I suppose part of the reason I never felt like a wife was because we’d dated for longer than we had been married. We dated for two years, and now we’ve been married for nearly two years, but before this, we’d been boyfriend-girlfriend [hello, seventh grade terminology!] for longer than we’d been husband-wife. In my mind, because of some nonexistent formula I made up, years dated and years married add up to zero, so now it’s like our lives can actually start. [What? That doesn’t make perfect sense to you? Meh. I have always been lousy at math. It’s high time I make up my own equations, don’t you think? Can’t stand Algebra? That’s okay, go ahead and create a different kind of math. Don’t worry if it is logical or not—just wing it!]
Aside from my Marriage Theorem, it seems like it’s taken two entire years just for us to figure out how to communicate with each other.
For example, I have come to realise that I expect—require, even—clear, straightforward conversations with Poor Kyle. I don’t understand him when he beats around the bush, because Hi, I’m Camille And I Overthink Everything. So when he says, “What are your plans for dinner tonight,” I’m all, “Why is he asking me that? Is he wanting to hang out with friends? I don’t really have any plans, but I’ll make something up if it will keep him at home tonight. Or maybe he wants to go out to dinner, just the two of us! Awww…so sweet. Wait—he’s only sweet on my birthday, and that was days ago! He’s probably just checking to see what’s on the menu so he can brace himself if it’s something he can’t stand, like cream of mushroom soup. Such a jerk. Doesn’t he know that I work hard to plan meals around what’s in season and what’s on sale so that we can eat frugally and healthily and not blow our entire paychecks on fast food and wasted produce? He might think it’s easy to plan meals, BUT HE HAS NO IDEA HOW HARD HE MAKES IT, AND WHY CAN’T HE—JUST ONCE!—EAT LEFTOVERS FOR LUNCH?!”
And what I say is, “You know what? I don’t care what you do! You don’t appreciate me—you never have—and you can eat your OWN MOTHERLOVING DINNER TONIGHT!”
When really all he was wondering was what we were having for dinner. What he should have said, then, was “What’s for dinner?”
So I need straightforward communication. Obviously.
But for Poor Kyle, when I am blunt and to-the-point, he interprets it as being abrupt and unfeeling. Like when I say, “I hate it when you leave for trips,” he feels like I’m saying, “I hate YOU when you leave for trips, and I’ll never get over my angst, so you might as well not even bother coming home!” What I need to be saying, in a more gentle manner, is “I hate feeling so sad and lonely when you leave for trips.

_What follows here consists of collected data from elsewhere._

lemma mmult_diff_right: "mmult I C (A - B) = mmult I C A - mmult I C B"
  by (auto simp: fun_eq_iff mmult_def sum_subtractf right_diff_distrib)

lemma mvmult_scale: "mvmult I A (\<lambda>i. c * x i) = (\<lambda>i. c * mvmult I A x i)"
  by (auto simp: mvmult_def fun_eq_iff sum_distrib_left mult.left_commute)

lemma mvmult_zero [simp]: "mvmult I A (\<lambda>_. 0) = (\<lambda>_. 0)"
  by (simp add: mvmult_def fun_eq_iff)

lemma dmat_cong: "(\<And>k. k \<in> I \<Longrightarrow> D k = E k) \<Longrightarrow> dmat I D = dmat I E"
  by (auto simp: dmat_def fun_eq_iff)

lemma dmat_one: "dmat I (\<lambda>_. 1) = mone I"
  by (simp add: dmat_def mone_def)

lemma complex_mat_eigenvector_exists:
  fixes M :: "complex mat"
  assumes M: "M \<in> carrier_mat n n" and "0 < n"
  obtains z v where "eigenvector M v z"
proof -
  have "\<not> constant (poly (char_poly M))"
    using degree_monic_char_poly[OF M] \<open>0 < n\<close> by (simp add: constant_degree)
  then obtain z where "poly (char_poly M) z = 0"
    using fundamental_theorem_of_algebra by blast
  then show ?thesis
    using eigenvalue_root_char_poly[OF M] that unfolding eigenvalue_def by blast
qed

locale finite_index =
  fixes I :: "'a set"
  assumes finite_I: "finite I"
begin

abbreviation mprod :: "'a cmat \<Rightarrow> 'a cmat \<Rightarrow> 'a cmat" (infixl \<open>\<star>\<close> 70) where
  "A \<star> B \<equiv> mmult I A B"

lemma mmult_assoc: "A \<star> B \<star> C = A \<star> (B \<star> C)"
proof (intro ext)
  fix i j
  show "(A \<star> B \<star> C) i j = (A \<star> (B \<star> C)) i j"
  proof (cases "i \<in> I \<and> j \<in> I")
    case True
    then have "(A \<star> B \<star> C) i j = (\<Sum>k\<in>I. \<Sum>l\<in>I. A i l * B l k * C k j)"
      by (simp add: mmult_def sum_distrib_right)
    also have "\<dots> = (\<Sum>l\<in>I. \<Sum>k\<in>I. A i l * B l k * C k j)"
      by (rule sum.swap)
    also have "\<dots> = (A \<star> (B \<star> C)) i j"
      using True by (simp add: mmult_def sum_distrib_left mult.assoc)
    finally show ?thesis .
  qed (auto simp: mmult_def)
qed

lemma mmult_mone_left [simp]: "mat_on I A \<Longrightarrow> mone I \<star> A = A"
  using finite_I by (auto simp: fun_eq_iff mmult_def mone_def mat_on_def
      sum_eq_single[where i = i for i])

lemma mmult_mone_right [simp]: "mat_on I A \<Longrightarrow> A \<star> mone I = A"
  using finite_I by (auto simp: fun_eq_iff mmult_def mone_def mat_on_def
      sum_eq_single[where i = j for j])

lemma mmult_cancel: "A \<star> B = mone I \<Longrightarrow> mat_on I X \<Longrightarrow> A \<star> (B \<star> X) = X"
  by (simp flip: mmult_assoc)

lemma mvmult_mmult: "mvmult I (A \<star> B) x = mvmult I A (mvmult I B x)"
proof
  fix i
  show "mvmult I (A \<star> B) x i = mvmult I A (mvmult I B x) i"
  proof (cases "i \<in> I")
    case True
    then have "mvmult I (A \<star> B) x i = (\<Sum>k\<in>I. \<Sum>l\<in>I. A i l * B l k * x k)"
      by (simp add: mmult_def mvmult_def sum_distrib_right)
    also have "\<dots> = (\<Sum>l\<in>I. \<Sum>k\<in>I. A i l * B l k * x k)"
      by (rule sum.swap)
    also have "\<dots> = mvmult I A (mvmult I B x) i"
      using True by (simp add: mvmult_def sum_distrib_left mult.assoc)
    finally show ?thesis .
  qed (simp add: mvmult_def)
qed

lemma mvmult_mone [simp]: "vec_on I x \<Longrightarrow> mvmult I (mone I) x = x"
  using finite_I by (auto simp: fun_eq_iff mvmult_def mone_def vec_on_def
      sum_eq_single[where i = i for i])

lemma dmat_mult: "dmat I D \<star> dmat I E = dmat I (\<lambda>k. D k * E k)"
  using finite_I by (auto simp: fun_eq_iff mmult_def dmat_def sum_eq_single[where i = i for i])

lemma inverse_unique:
  assumes "mat_on I B" "mat_on I C" "B \<star> A = mone I" "A \<star> C = mone I"
  shows "B = C"
proof -
  have "B = B \<star> (A \<star> C)"
    using assms(1,4) by simp
  also have "\<dots> = C"
    using assms(2,3) by (simp flip: mmult_assoc)
  finally show ?thesis .
qed

end

section \<open>The spectral theorem for Hermitian matrices\<close>

definition unitary_on :: "'a set \<Rightarrow> 'a cmat \<Rightarrow> bool" where
  "unitary_on I U \<longleftrightarrow> mat_on I U \<and> mmult I (U\<^sup>H) U = mone I \<and> mmult I U (U\<^sup>H) = mone I"

definition unitarily_diagonalizable :: "'a set \<Rightarrow> 'a cmat \<Rightarrow> bool" where
  "unitarily_diagonalizable I H \<longleftrightarrow>
     (\<exists>U D. unitary_on I U \<and> H = mmult I U (mmult I (dmat I D) (U\<^sup>H)))"

context finite_index
begin

lemma unitary_mult:
  assumes "unitary_on I U" "unitary_on I V"
  shows "unitary_on I (U \<star> V)"
  using assms by (simp add: unitary_on_def ctrans_mmult mmult_assoc mmult_cancel)

lemma eigenvector_exists:
  assumes "I \<noteq> {}"
  obtains l x where "vec_on I x" "x \<noteq> (\<lambda>_. 0)" "mvmult I H x = (\<lambda>i. l * x i)"
proof -
  define n where "n = card I"
  have "n > 0"
    using finite_I assms by (simp add: n_def card_gt_0_iff)
  obtain h where h: "bij_betw h {0..<n} I"
    using ex_bij_betw_nat_finite[OF finite_I] n_def by blast
  define g where "g = inv_into {0..<n} h"
  have hg: "h (g a) = a" "g a < n" if "a \<in> I" for a
    using that h bij_betw_inv_into_right[OF h] bij_betwE[OF bij_betw_inv_into[OF h]]
    by (auto simp: g_def)
  have gh: "g (h j) = j" "h j \<in> I" if "j < n" for j
    using that h by (auto simp: g_def bij_betw_inv_into_left bij_betwE)
  define M where "M = Matrix.mat n n (\<lambda>(i, j). H (h i) (h j))"
  have M: "M \<in> carrier_mat n n"
    by (simp add: M_def)
  obtain z v where "eigenvector M v z"
    using complex_mat_eigenvector_exists[OF M \<open>n > 0\<close>] .
  then have v: "v \<in> carrier_vec n" "v \<noteq> 0\<^sub>v n" "M *\<^sub>v v = z \<cdot>\<^sub>v v"
    using M unfolding eigenvector_def by auto
  define x where "x = (\<lambda>a. if a \<in> I then vec_index v (g a) else 0)"
  have xh: "x (h j) = vec_index v j" if "j < n" for j
    using gh[OF that] by (simp add: x_def)
  have "vec_on I x"
    by (simp add: vec_on_def x_def)
  moreover have "x \<noteq> (\<lambda>_. 0)"
  proof
    assume "x = (\<lambda>_. 0)"
    then have "v = 0\<^sub>v n"
      using v(1) xh by (intro eq_vecI) auto
    with v(2) show False ..
  qed
  moreover have "mvmult I H x = (\<lambda>a. z * x a)"
  proof
    fix a
    show "mvmult I H x a = z * x a"
    proof (cases "a \<in> I")
      case True
      have "mvmult I H x a = (\<Sum>j\<in>{0..<n}. H a (h j) * x (h j))"
        using True sum.reindex_bij_betw[OF h, of "\<lambda>b. H a b * x b"] by (simp add: mvmult_def)
      also have "\<dots> = (\<Sum>j\<in>{0..<n}. M $$ (g a, j) * vec_index v j)"
        using xh hg[OF True] by (auto simp: M_def intro!: sum.cong)
      also have "\<dots> = vec_index (M *\<^sub>v v) (g a)"
        using hg[OF True] M v(1) by (simp add: scalar_prod_def)
      also have "\<dots> = z * x a"
        using v hg[OF True] True by (simp add: x_def)
      finally show ?thesis .
    qed (simp add: mvmult_def x_def)
  qed
  ultimately show ?thesis
    by (rule that)
qed

lemma normalized_eigenvector:
  assumes "i0 \<in> I"
  obtains l v where "vec_on I v" "(\<Sum>k\<in>I. cnj (v k) * v k) = 1" "cnj (v i0) = v i0"
    "Re (v i0) \<le> 0" "mvmult I H v = (\<lambda>i. l * v i)"
proof -
  obtain l x where x: "vec_on I x" "x \<noteq> (\<lambda>_. 0)" "mvmult I H x = (\<lambda>i. l * x i)"
    using eigenvector_exists assms by blast
  from x(2) obtain j where "x j \<noteq> 0"
    by (auto simp: fun_eq_iff)
  with x(1) have j: "j \<in> I" "x j \<noteq> 0"
    by (auto simp: vec_on_def)
  define r where "r = (\<Sum>k\<in>I. (cmod (x k))\<^sup>2)"
  have r: "r > 0"
    using finite_I j by (auto simp: r_def intro!: sum_pos2[of _ j])
  define u where "u = (if x i0 = 0 then 1 else cnj (x i0) / cmod (x i0))"
  have u1: "cmod u = 1"
    by (simp add: u_def norm_divide)
  have u2: "u * x i0 = cmod (x i0)"
  proof (cases "x i0 = 0")
    case False
    have "cnj (x i0) * x i0 = of_real (cmod (x i0)) * of_real (cmod (x i0))"
      by (metis complex_norm_square mult.commute of_real_mult power2_eq_square)
    with False show ?thesis
      by (simp add: u_def)
  qed (simp add: u_def)
  define v where "v = (\<lambda>i. - u / sqrt r * x i)"
  have "vec_on I v"
    using x(1) by (simp add: vec_on_def v_def)
  moreover have "(\<Sum>k\<in>I. cnj (v k) * v k) = 1"
  proof -
    have "(\<Sum>k\<in>I. cnj (v k) * v k) = of_real (\<Sum>k\<in>I. (cmod (v k))\<^sup>2)"
      by (simp add: cnj_mult_self)
    also have "(\<Sum>k\<in>I. (cmod (v k))\<^sup>2) = (\<Sum>k\<in>I. (cmod (x k))\<^sup>2) / r"
      using u1 r by (simp add: v_def norm_mult norm_divide power_mult_distrib power_divide
          sum_divide_distrib)
    finally show ?thesis
      using r by (simp add: r_def)
  qed
  moreover have "v i0 = - (cmod (x i0) / sqrt r)"
    using u2 by (simp add: v_def)
  then have "cnj (v i0) = v i0" "Re (v i0) \<le> 0"
    using r by simp_all
  moreover have "mvmult I H v = (\<lambda>i. l * v i)"
    unfolding v_def mvmult_scale x(3) by (simp add: mult.left_commute)
  ultimately show ?thesis
    using that by blast
qed

end

text \<open>For \<open>w = 0\<close> on \<open>I\<close> the division by zero yields the identity, so the involution
  property below needs no hypothesis.\<close>

definition householder :: "'a set \<Rightarrow> 'a cvec \<Rightarrow> 'a cmat" where
  "householder I w = (\<lambda>i j. if i \<in> I \<and> j \<in> I
     then (if i = j then 1 else 0) - 2 / (\<Sum>k\<in>I. cnj (w k) * w k) * w i * cnj (w j) else 0)"

lemma mat_on_householder [simp]: "mat_on I (householder I w)"
  by (simp add: mat_on_def householder_def)

lemma ctrans_householder [simp]: "(householder I w)\<^sup>H = householder I w"
  by (auto simp: ctrans_def householder_def fun_eq_iff mult.commute)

I wish you didn’t have to go.”
I’m glad that now, two years into our marriage, I can finally feel like a wife instead of a brazen harlot from Madame Mimi’s House of Whores.I’m so glad we’ve finally approached (note I said “approached” and not “reached” {because we’re still working on it}) this point of open communication. It has been very helpful to our marriage. Really, it was only a matter of time before Poor Kyle innocently announced he was going out with friends and I would freak out because HE’D TOLD ME HE DOESN’T LOVE ME ANYMORE AND HIS FRIENDS MAKE BETTER COMPANIONS THAN I DO OR EVER COULD!
I’m really glad we never got to that point.
And also, in re-reading this post, I’ve come to realise just how deserving Poor Kyle is of his prefix.
Poor, poor Poor Kyle.
What about you? Let’s all take this Monday to reflect… What breakthroughs have you reached lately? Have they been a long-time coming, like mine, or were you lucky to be a quick learner?